Phosphorylation and Intrinsic Sequence Disorder in the Spliceosome—
A quarter of the highly disordered proteins found in this study (Table III) are involved in RNA binding and splicing. The majority of these belong to the SR family of non-small nuclear ribonucleoprotein splicing factors, and we identified 76 phosphorylation sites on these proteins. This family is characterized by the presence of an RS domain and an RNA recognition motif. A characteristic feature of SR proteins is extensive serine phosphorylation, which is essential to their function in early stages of spliceosome assembly (46, 47). In addition, RS domain phosphorylation can regulate the activity of SR proteins (48, 49) by the introduction of negatively charged phosphogroups that influence both RNA and protein binding.

SRRM1 (SRm160) and SRRM2 (SRM300) are SR proteins that form the splicing coactivator, which functions in splicing by promoting critical interactions between splicing factors bound to pre-mRNA (50).
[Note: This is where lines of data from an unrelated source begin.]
(* Let $g\ge1$. For every $f\in\mathrm{Sp}(g,\mathbb{R})$, $(s(f))^2=(-1)^{n(f)}$.
   Context: Let $V=\mathbb{R}^{2g}$ with standard basis $p_1,\dots,p_g,q_1,\dots,q_g$ and symplectic form $\omega$ with $\omega(p_i,p_j)=\omega(q_i,q_j)=0$, $\omega(p_i,q_j)=-\omega(q_i,p_j)=\delta_{ij}$. $\mathrm{Sp}(g,\mathbb{R})$ is the group of linear isometries of $(V,\omega)$. A lagrangian is a subspace equal to its own $\omega$-orthogonal; $\lambda_0=\mathrm{span}\{p_1,\dots,p_g\}$. Definition of $s$: for oriented lagrangians $\lambda_1,\lambda_2$ of a real symplectic space, let $\kappa=\lambda_1\cap\lambda_2$. If $\kappa=0$, $\epsilon(\lambda_1,\lambda_2)=\mathrm{sgn}\det(\omega(a_i,b_j))$ for positive bases $(a_i)$ of $\lambda_1$, $(b_j)$ of $\lambda_2$. If $\kappa\neq0$, orient $\kappa$ arbitrarily, orient $\lambda_i/\kappa$ so that a positive basis of $\kappa$ followed by lifts of a positive basis of $\lambda_i/\kappa$ is positive in $\lambda_i$, and set $\epsilon(\lambda_1,\lambda_2)=\epsilon(\lambda_1/\kappa,\lambda_2/\kappa)$ in $\kappa^\perp/\kappa$; if $\lambda_1=\lambda_2$, $\epsilon=\pm1$ according as orientations agree or not. Put $s(\lambda_1,\lambda_2)=i^{\dim\lambda_1-\dim\kappa}\epsilon(\lambda_1,\lambda_2)$, and $s(f)=s(\lambda_0,f(\lambda_0))$ with $\lambda_0$ arbitrarily oriented and $f(\lambda_0)$ given the image orientation. Definition of $n$: for $f\in\mathrm{Sp}(g,\mathbb{R})$, $\star_f$ is the nonsingular bilinear form on $(f-1)V$ with $a\star_f b=\omega(x,b)$ where $(f-1)x=a$; $\mathrm{sgn}[\det(\star_f)]\in\{\pm1\}$ is the sign of the determinant of its Gram matrix (equal to $1$ for $f=\mathrm{Id}$); $\star_{f,\lambda_0}$ is its (symmetric) restriction to $\lambda_0\cap(f-1)V$. Then $n(f)=\mathrm{Signature}(\star_{f,\lambda_0})-\dim((f-1)V)-\mathrm{sgn}[\det(\star_f)]+1$. *)

theory Defs
  imports "HOL-Analysis.Analysis"
begin

text \<open>V = R^(2g) realised as (real^'g) x (real^'g): first component = p-coordinates,
  second component = q-coordinates. g = CARD('g) >= 1 automatically.\<close>

type_synonym 'g sympvec = "(real^'g) \<times> (real^'g)"

definition omega :: "'g::finite sympvec \<Rightarrow> 'g sympvec \<Rightarrow> real" where
  "omega u v = fst u \<bullet> snd v - snd u \<bullet> fst v"

definition symplectic :: "('g::finite sympvec \<Rightarrow> 'g sympvec) \<Rightarrow> bool" where
  "symplectic f \<longleftrightarrow> linear f \<and> (\<forall>x y. omega (f x) (f y) = omega x y)"

definition lagrangian :: "'g::finite sympvec set \<Rightarrow> bool" where
  "lagrangian L \<longleftrightarrow> subspace L \<and> L = {x. \<forall>y\<in>L. omega x y = 0}"

definition lambda0 :: "'g::finite sympvec set" where
  "lambda0 = {x. snd x = 0}"

definition ldet :: "nat \<Rightarrow> (nat \<Rightarrow> nat \<Rightarrow> real) \<Rightarrow> real" where
  "ldet m M = (\<Sum>p | p permutes {..<m}. of_int (sign p) * (\<Prod>i<m. M i (p i)))"
(* Let $\mathbb{T}$ be a geometric theory over $\Sigma$ with enough $\mathbb{S}$-indexed models. The functor $\mathcal{M}:\mathcal{C}_{\mathbb{T}}\to\mathrm{Sh}_{I_{\mathbb{T}}}(M_{\mathbb{T}})$, sending $\{\mathbf{x}\mid\phi\}$ to the equivariant sheaf $([\![\mathbf{x}\mid\phi]\!]\xrightarrow{\pi_1}M_{\mathbb{T}},\theta)$ and each arrow to the induced map, is full.
   Context: $\Sigma$ is a single-sorted first-order signature with equality, $\kappa\geq|\Sigma|+\aleph_0$ an infinite cardinal, $\mathbb{S}$ a fixed set of cardinality at least $\kappa$. $M_{\mathbb{T}}$ is the set of $\mathbb{T}$-models whose underlying set is a quotient of a subset of $\mathbb{S}$ (elements $[a]$), $I_{\mathbb{T}}$ the set of isomorphisms between them, with domain/codomain $d,c$. Topologies: $M_{\mathbb{T}}$ has the coarsest topology containing $\{\mathbf{M}:[a]\in\mathbf{M}\}$, $\{\mathbf{M}:[\mathbf{a}]\in R^{\mathbf{M}}\}$ (relation symbols incl.\ equality), $\{\mathbf{M}:f^{\mathbf{M}}([\mathbf{a}])=[b]\}$ (function symbols); $I_{\mathbb{T}}$ the coarsest making $d,c$ continuous and containing $\{\mathbf{f}:[a]\in d(\mathbf{f}),[b]\in c(\mathbf{f}),\mathbf{f}([a])=[b]\}$. $\mathbb{T}$ has enough $\mathbb{S}$-indexed models if every geometric sequent true in all of $M_{\mathbb{T}}$ is provable. $\mathcal{C}_{\mathbb{T}}$ is the syntactic category of $\mathbb{T}$. $[\![\mathbf{x}\mid\phi]\!]=\{(\mathbf{M},[\mathbf{a}]):\mathbf{M}\in M_{\mathbb{T}},[\mathbf{a}]\in\phi^{\mathbf{M}}\}$ carries the coarsest topology making the projection $\pi_1$ continuous and such that for every tuple $\mathbf{a}$ the image of $\mathbf{M}\mapsto(\mathbf{M},[\mathbf{a}])$ on $\{\mathbf{M}:[\mathbf{a}]\in\phi^{\mathbf{M}}\}$ is open; $\theta(\mathbf{f}:\mathbf{M}\to\mathbf{N},(\mathbf{M},[\mathbf{a}]))=(\mathbf{N},\mathbf{f}([\mathbf{a}]))$. $\mathrm{Sh}_{I_{\mathbb{T}}}(M_{\mathbb{T}})$ is the topos of equivariant sheaves on $I_{\mathbb{T}}\rightrightarrows M_{\mathbb{T}}$. *)

theory Defs
  imports "HOL-Analysis.Abstract_Topology"
begin

text \<open>Signature: function symbols of type 'f with arities af, relation symbols of
type 'r with arities ar; equality is built in.\<close>

datatype 'f trm = Var nat | Fun 'f "'f trm list"

datatype ('f, 'r, 'd) fm =
    Rel 'r "'f trm list"
  | Eq "'f trm" "'f trm"
  | Top
  | Conj "('f, 'r, 'd) fm" "('f, 'r, 'd) fm"
  | Disj "'d set" "'d \<Rightarrow> ('f, 'r, 'd) fm"
  | Exi nat "('f, 'r, 'd) fm"

primrec FVt :: "'f trm \<Rightarrow> nat set" where
  "FVt (Var v) = {v}"
| "FVt (Fun f ts) = \<Union>(set (map FVt ts))"
lemma centre_of_twist_in_centre_range:
  fixes smult :: "'k::field \<Rightarrow> 'v::ab_group_add \<Rightarrow> 'v"
  assumes "hom_leibniz_nalg smult n br alpha" "inj alpha"
    and "alpha l \<in> centre n br (range alpha)"
  shows "l \<in> centre n br UNIV"
  unfolding centre_def
proof (intro CollectI conjI allI impI UNIV_I)
  fix ls :: "'v list" and i assume ls: "length ls = n" "set ls \<subseteq> UNIV" "i < n"
  interpret alpha: Vector_Spaces.linear smult smult alpha
    by (fact hom_leibniz_nalgD(2)[OF assms(1)])
  have "alpha (br (ls[i := l])) = br ((map alpha ls)[i := alpha l])"
    using hom_leibniz_nalgD(3)[OF assms(1), of "ls[i := l]"] ls by (simp add: map_update)
  also have "\<dots> = 0"
    by (rule centreD[OF assms(3)]) (use ls in auto)
  finally show "br (ls[i := l]) = 0"
    using \<open>inj alpha\<close> alpha.zero by (metis injD)
qed

lemma bracket_with_central_lift_central:
  assumes ext: "central_extension smultK brK alphaK smultL brL alphaL n f"
    and "f k \<in> centre n brL UNIV" "length xs = n" "j < n"
  shows "brK (xs[j := k]) \<in> centre n brK UNIV"
proof (rule central_extensionD(3)[OF ext])
  note hom = central_extensionD(1)[OF ext]
  have "f (brK (xs[j := k])) = brL ((map f xs)[j := f k])"
    using hom_leibniz_homD(2)[OF hom, of "xs[j := k]"] assms(3) by (simp add: map_update)
  also have "\<dots> = 0"
    by (rule centreD[OF assms(2)]) (use assms(3,4) in auto)
  finally show "f (brK (xs[j := k])) = 0" .
qed

lemma twisted_bracket_with_central_lift_vanishes:
  fixes smultK :: "'k::field \<Rightarrow> 'v::ab_group_add \<Rightarrow> 'v"
    and smultL :: "'k \<Rightarrow> 'w::ab_group_add \<Rightarrow> 'w"
  assumes K: "hom_leibniz_nalg smultK n brK alphaK"
    and ext: "central_extension smultK brK alphaK smultL brL alphaL n f"
    and "perfect smultL n brL"
    and fk: "f k \<in> centre n brL UNIV"
    and ys: "length ys = n - 1" "i < n - 1"
  shows "brK (alphaK x # map alphaK (ys[i := k])) = 0"
proof -
  note hom = central_extensionD(1)[OF ext]
  interpret alpha: Vector_Spaces.linear smultK smultK alphaK
    by (fact hom_leibniz_nalgD(2)[OF K])
  define zs where "zs = ys[i := k]"
  have len: "length (alphaK 0 # map alphaK zs) = n"
    using ys unfolding zs_def by simp
  define g where "g x = brK (alphaK x # map alphaK zs)" for x
  have "Vector_Spaces.linear smultK smultK g"
    using Vector_Spaces.linear_compose[OF alpha.linear_axioms
        multilinearD[OF hom_leibniz_nalgD(1)[OF K] len, of 0]] len
    unfolding g_def by (simp add: o_def)
  then interpret g: Vector_Spaces.linear smultK smultK g .
  have "{x. g x = 0} = UNIV"
  proof (rule subspace_containing_kernel_and_brackets_eq_UNIV[OF
        hom_leibniz_homD(1)[OF hom] central_extensionD(2)[OF ext]
        hom_leibniz_homD(2)[OF hom] \<open>perfect smultL n brL\<close>])
    show "module.subspace smultK {x. g x = 0}"
      by (rule g.subspace_kernel)
  next
    show "{x. f x = 0} \<subseteq> {x. g x = 0}"
    proof clarify
      fix x assume "f x = 0"
      then have "brK ((x # zs)[0 := x]) = 0"
        by (intro centreD[OF central_extensionD(3)[OF ext]]) (use len in auto)
      moreover have "g x = alphaK (brK (x # zs))"
        using hom_leibniz_nalgD(3)[OF K, of "x # zs"] len unfolding g_def by simp
      ultimately show "g x = 0"
        using alpha.zero by simp
    qed
  next
    show "{brK xs | xs. length xs = n} \<subseteq> {x. g x = 0}"
    proof
      fix z assume "z \<in> {brK xs | xs. length xs = n}"
      then obtain xs where z: "z = brK xs" and xs: "length xs = n"
        by blast
      have term_vanishes:
        "brK ((map alphaK (map alphaK xs))[j := brK (map alphaK xs ! j # zs)]) = 0"
        if "j < n" for j
      proof (rule centreD)
        have "map alphaK xs ! j # zs = (map alphaK xs ! j # ys)[Suc i := k]"
          unfolding zs_def by simp
        then show "brK (map alphaK xs ! j # zs) \<in> centre n brK UNIV"
          using bracket_with_central_lift_central[OF ext fk, of "map alphaK xs ! j # ys" "Suc i"] ys
          by simp
      qed (use xs that in auto)
      have "g (brK xs) = brK (brK (map alphaK xs) # map alphaK zs)"
        using hom_leibniz_nalgD(3)[OF K xs] unfolding g_def by simp
      also have "\<dots> = (\<Sum>j<n. brK ((map alphaK (map alphaK xs))[j := brK (map alphaK xs ! j # zs)]))"
        using hom_leibniz_nalgD(4)[OF K, of "map alphaK xs" zs] xs ys unfolding zs_def by simp
      also have "\<dots> = 0"
        using term_vanishes by simp
      finally show "z \<in> {x. g x = 0}"
        using z by simp
    qed
  qed
  then show ?thesis
    unfolding g_def zs_def by blast
qed
(* Let $\mathsf V$ be a pseudovariety of semigroups. Then $\mathsf V$ is concatenation-closed if and only if the pseudovariety of semigroupoids $g\mathsf V$ is concatenation-closed.
   Context: A pseudovariety of semigroups is a class of finite semigroups closed under subsemigroups, homomorphic images and finite direct products; a pseudovariety of semigroupoids is a class of finite semigroupoids closed under divisors, finite direct products and finite coproducts (semigroups being one-vertex semigroupoids; composition of edges $s,t$ is defined when the source of $s$ equals the range of $t$). $g\mathsf V$ is the smallest pseudovariety of semigroupoids containing $\mathsf V$. For a graph $A$ with free semigroupoid of paths $A^+$, a language $L\subseteq E(A^+)$ is $\mathsf W$-recognizable if $L=\varphi^{-1}\varphi(L)$ for a homomorphism $\varphi\colon A^+\to F$ with $F\in\mathsf W$; concatenation $LK$ consists of the composable products $uv$, $u\in L$, $v\in K$. A pseudovariety of semigroups (resp. semigroupoids) is concatenation-closed if for every finite alphabet (resp. finite graph) $A$ the recognizable languages over $A$ are closed under concatenation. *)

theory Defs
  imports Main "HOL-Library.Nat_Bijection"
begin
(* Let $m\ge2$, $N=2m$, and let $G$ be the "dense center" graph: vertices $c_1,\dots,c_m$ forming a complete graph, together with leaves $\ell_1,\dots,\ell_m$, where $\ell_j$ is adjacent only to $c_j$. Then $n_{\max}(G)=m$, the roots are $c_1,\dots,c_m$, and $\beta_C^G=\tfrac32N-1$. Let $\mathcal L\subseteq\{\ell_1,\dots,\ell_m\}$ with $|\mathcal L|<m$, let $j$ be such that $\ell_j\notin\mathcal L$, and $G'=G[V\setminus\mathcal L]$. Then $$\langle I_{c_j}^{G*}\rangle_\rho=\langle I_{c_j}^{G'*}\rangle_\rho=(2\sqrt2-1)m+N-1-(\sqrt2+1)|\mathcal L| .$$ Consequently $\langle I_{c_j}^{G'*}\rangle_\rho>\beta_C^{G'}$ if and only if $|\mathcal L|<\frac{\sqrt2-1}{\sqrt2}N$, and $\langle I_{c_j}^{G*}\rangle_\rho>\beta_C^{G}$ if and only if $|\mathcal L|<\frac{\sqrt2-1}{\sqrt2+1}N$.
   Context: Qubits are labelled $1,\dots,N$; $X_i,Z_i$ denote the Pauli $X$ and $Z$ operators on qubit $i$. For a graph $H$ with vertex set $V(H)\subseteq\{1,\dots,N\}$, $\mathcal N_i^H$ is the neighbour set of $i$, $\overline{\mathcal N_i^H}=\mathcal N_i^H\cup\{i\}$, $n_{\max}(H)$ the maximum degree; a root is a vertex of degree $n_{\max}(H)$. $S_i^H=X_i\prod_{j\in\mathcal N_i^H}Z_j$. The graph state $|\phi^G\rangle$ is the unique state with $S_i^G|\phi^G\rangle=|\phi^G\rangle$ for all $i$. For a vertex $r$ of $H$, $I_r^{H*}=\sqrt2\,n_{\max}(H)S_r^H+\sqrt2\sum_{i\in\mathcal N_r^H}S_i^H+\sum_{i\in V(H)\setminus\overline{\mathcal N_r^H}}S_i^H$, and $\beta_C^H=n_{\max}(H)+|V(H)|-1$. For lost set $\mathcal L$, $G'=G[V\setminus\mathcal L]$ (labels kept, identity on $\mathcal L$) and $\rho=\mathrm{Tr}_{\mathcal L}(|\phi^G\rangle\langle\phi^G|)\otimes\bigotimes_{l\in\mathcal L}|0\rangle\langle0|_l$; $\langle A\rangle_\rho=\mathrm{Tr}(A\rho)$. *)

theory Defs
  imports Complex_Main "Jordan_Normal_Form.Matrix"
begin
(* Let $A$ be an $n\times n$ ASM and let $p=\sigma_-(A)$. Then there is a sequence of $n\times n$ ASMs $A^{(p)},A^{(p-1)},\ldots,A^{(0)}$ such that (i) $A^{(p)}=A$; (ii) $A^{(0)}$ is a permutation matrix; (iii) $\sigma_-(A^{(s)})=s$ for $s=0,1,\ldots,p$; and (iv) $h(A^{(p)})\preceq^* h(A^{(p-1)})\preceq^*\cdots\preceq^* h(A^{(0)})$.
   Context: An $n\times n$ alternating sign matrix (ASM) is an $n\times n$ matrix with entries in $\{0,1,-1\}$ such that in every row and column the nonzeros alternate in sign, beginning and ending with $+1$. $\sigma_-(B)$ denotes the number of entries equal to $-1$ in $B$. For an $n\times n$ matrix $B$, $h(B)=B^Tz_n$ where $z_n=(n,n-1,\ldots,1)^T$. For vectors $x,y\in\mathbb R^n$ (not necessarily sorted), $x\preceq^* y$ means $\sum_{j=1}^p x_j\le\sum_{j=1}^p y_j$ for all $p\le n$, with equality for $p=n$. *)

theory Defs
  imports "HOL-Combinatorics.Permutations"
begin

text \<open>An n x n matrix is represented as a function nat => nat => int; only
entries with row and column index below n are meaningful (indices 0..n-1).\<close>

definition alt_sign_list :: "int list \<Rightarrow> bool" where
  "alt_sign_list xs \<longleftrightarrow>
     (let L = filter (\<lambda>x. x \<noteq> 0) xs in
        L \<noteq> [] \<and> hd L = 1 \<and> last L = 1 \<and>
        (\<forall>k. Suc k < length L \<longrightarrow> L ! Suc k = - (L ! k)))"

definition is_asm :: "nat \<Rightarrow> (nat \<Rightarrow> nat \<Rightarrow> int) \<Rightarrow> bool" where
  "is_asm n A \<longleftrightarrow>
     (\<forall>i<n. \<forall>j<n. A i j \<in> {0, 1, -1}) \<and>
     (\<forall>i<n. alt_sign_list (map (\<lambda>j. A i j) [0..<n])) \<and>
     (\<forall>j<n. alt_sign_list (map (\<lambda>i. A i j) [0..<n]))"
definition splitvars :: "nat \<Rightarrow> (nat \<Rightarrow> nat \<Rightarrow> bool) \<Rightarrow> nat set \<Rightarrow> nat set" where
  "splitvars F x I = {f \<in> {1..F}. restrict_f x I f False \<noteq> {} \<and> restrict_f x I f True \<noteq> {}}"

definition ell_leaf :: "real \<Rightarrow> real \<Rightarrow> nat \<Rightarrow> nat \<Rightarrow> real" where
  "ell_leaf rho1 rho0 c1 c0 = Beta (real c1 + rho1) (real c0 + rho0) / Beta rho1 rho0"

definition p_split :: "real \<Rightarrow> real \<Rightarrow> nat \<Rightarrow> real" where
  "p_split \<alpha> \<beta> d = \<alpha> * (1 + real d) powr (- \<beta>)"

definition p_leaf :: "nat \<Rightarrow> (nat \<Rightarrow> nat \<Rightarrow> bool) \<Rightarrow> real \<Rightarrow> real \<Rightarrow> nat \<Rightarrow> nat set \<Rightarrow> real" where
  "p_leaf F x \<alpha> \<beta> d I = (if splitvars F x I = {} then 1 else 1 - p_split \<alpha> \<beta> d)"

definition p_inner :: "nat \<Rightarrow> (nat \<Rightarrow> nat \<Rightarrow> bool) \<Rightarrow> real \<Rightarrow> real \<Rightarrow> nat \<Rightarrow> nat set \<Rightarrow> real" where
  "p_inner F x \<alpha> \<beta> d I = (if splitvars F x I = {} then 0
     else p_split \<alpha> \<beta> d / real (card (splitvars F x I)))"

definition neglog :: "real \<Rightarrow> ereal" where
  "neglog p = (if p = 0 then \<infinity> else ereal (- ln p))"

datatype aonode = OrN "nat set" nat | TermN "nat set" nat | AndN "nat set" nat nat

(* Edges of the (unpruned) AND/OR graph G_{X,Y} *)
fun ao_edge :: "nat \<Rightarrow> nat \<Rightarrow> (nat \<Rightarrow> nat \<Rightarrow> bool) \<Rightarrow> aonode \<Rightarrow> aonode \<Rightarrow> bool" where
  "ao_edge N F x (OrN I d) (TermN J e) =
     (J = I \<and> e = d \<and> I \<noteq> {} \<and> I \<subseteq> {1..N} \<and> d \<le> F)"
| "ao_edge N F x (OrN I d) (AndN J e f) =
     (J = I \<and> e = d \<and> I \<noteq> {} \<and> I \<subseteq> {1..N} \<and> d < F \<and> f \<in> splitvars F x I)"
| "ao_edge N F x (AndN I d f) (OrN J e) =
     (I \<noteq> {} \<and> I \<subseteq> {1..N} \<and> d < F \<and> f \<in> splitvars F x I \<and> e = d + 1 \<and>
      (J = restrict_f x I f False \<or> J = restrict_f x I f True))"
| "ao_edge N F x u v = False"

fun ao_cost :: "nat \<Rightarrow> (nat \<Rightarrow> nat \<Rightarrow> bool) \<Rightarrow> (nat \<Rightarrow> bool) \<Rightarrow> real \<Rightarrow> real \<Rightarrow> real \<Rightarrow> real
                 \<Rightarrow> aonode \<Rightarrow> aonode \<Rightarrow> ereal" where
  "ao_cost F x y rho1 rho0 \<alpha> \<beta> (OrN I d) (TermN J e) =
     neglog (p_leaf F x \<alpha> \<beta> d I) + neglog (ell_leaf rho1 rho0 (cnt y I True) (cnt y I False))"
| "ao_cost F x y rho1 rho0 \<alpha> \<beta> (OrN I d) (AndN J e f) = neglog (p_inner F x \<alpha> \<beta> d I)"
| "ao_cost F x y rho1 rho0 \<alpha> \<beta> u v = 0"

definition ao_root :: "nat \<Rightarrow> aonode" where
  "ao_root N = OrN {1..N} 0"

definition G_edge :: "nat \<Rightarrow> nat \<Rightarrow> (nat \<Rightarrow> nat \<Rightarrow> bool) \<Rightarrow> aonode \<Rightarrow> aonode \<Rightarrow> bool" where
  "G_edge N F x u v = (ao_edge N F x u v \<and>
      (ao_root N, u) \<in> {(a, b). ao_edge N F x a b}\<^sup>*)"

definition sg_cost :: "nat \<Rightarrow> nat \<Rightarrow> (nat \<Rightarrow> nat \<Rightarrow> bool) \<Rightarrow> (nat \<Rightarrow> bool) \<Rightarrow> real \<Rightarrow> real \<Rightarrow> real \<Rightarrow> real
                      \<Rightarrow> aonode set \<Rightarrow> ereal" where
  "sg_cost N F x y rho1 rho0 \<alpha> \<beta> S =
     (\<Sum>(u, v) \<in> {(u, v). u \<in> S \<and> v \<in> S \<and> G_edge N F x u v}. ao_cost F x y rho1 rho0 \<alpha> \<beta> u v)"

(* Binary decision trees: Node f t0 t1 splits on feature f, t0 is the 0-child, t1 the 1-child *)
datatype dtree = Leaf | Node nat dtree dtree

(* tree is a binary decision tree on X (features in [F]) whose nodes all have nonempty I(n);
   I is the index set of the current node *)
fun valid_tree :: "nat \<Rightarrow> (nat \<Rightarrow> nat \<Rightarrow> bool) \<Rightarrow> nat set \<Rightarrow> dtree \<Rightarrow> bool" where
  "valid_tree F x I Leaf = (I \<noteq> {})"
| "valid_tree F x I (Node f t0 t1) = (I \<noteq> {} \<and> f \<in> {1..F} \<and>
      valid_tree F x (restrict_f x I f False) t0 \<and> valid_tree F x (restrict_f x I f True) t1)"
We characterized 19 and 33 phosphorylation sites on these proteins, respectively, and in addition, we found that they are predicted to be highly disordered (85.4 and 95.9% disordered sequence, respectively). We also characterized phosphorylation sites on an SR protein kinase, PRP4 (62.7% disorder). PRP4 has been shown to bind to and is a substrate of Clk1, another SR protein kinase, and its activity has been mapped to the N terminus at possibly one of the sites we identified (Ser-143 and Ser-145) (51). There is evidence to suggest that Clk1 is not a direct regulator of SR proteins and that PRP4 is more active than Clk1 in phosphorylating SR proteins (51). SR-cyp (77.2% sequence disorder) interacts with Clk1, which hyperphosphorylates SR proteins causing their localization to change from nuclear speckles (zones of accumulation of transcriptional and mRNA splicing factors) to a diffuse nucleoplasmic localization (52). Similarly SR-cyp regulates the localization of SR proteins, including SRRM2, redistributing them from nuclear speckles to a diffuse nucleoplasmic localization (53).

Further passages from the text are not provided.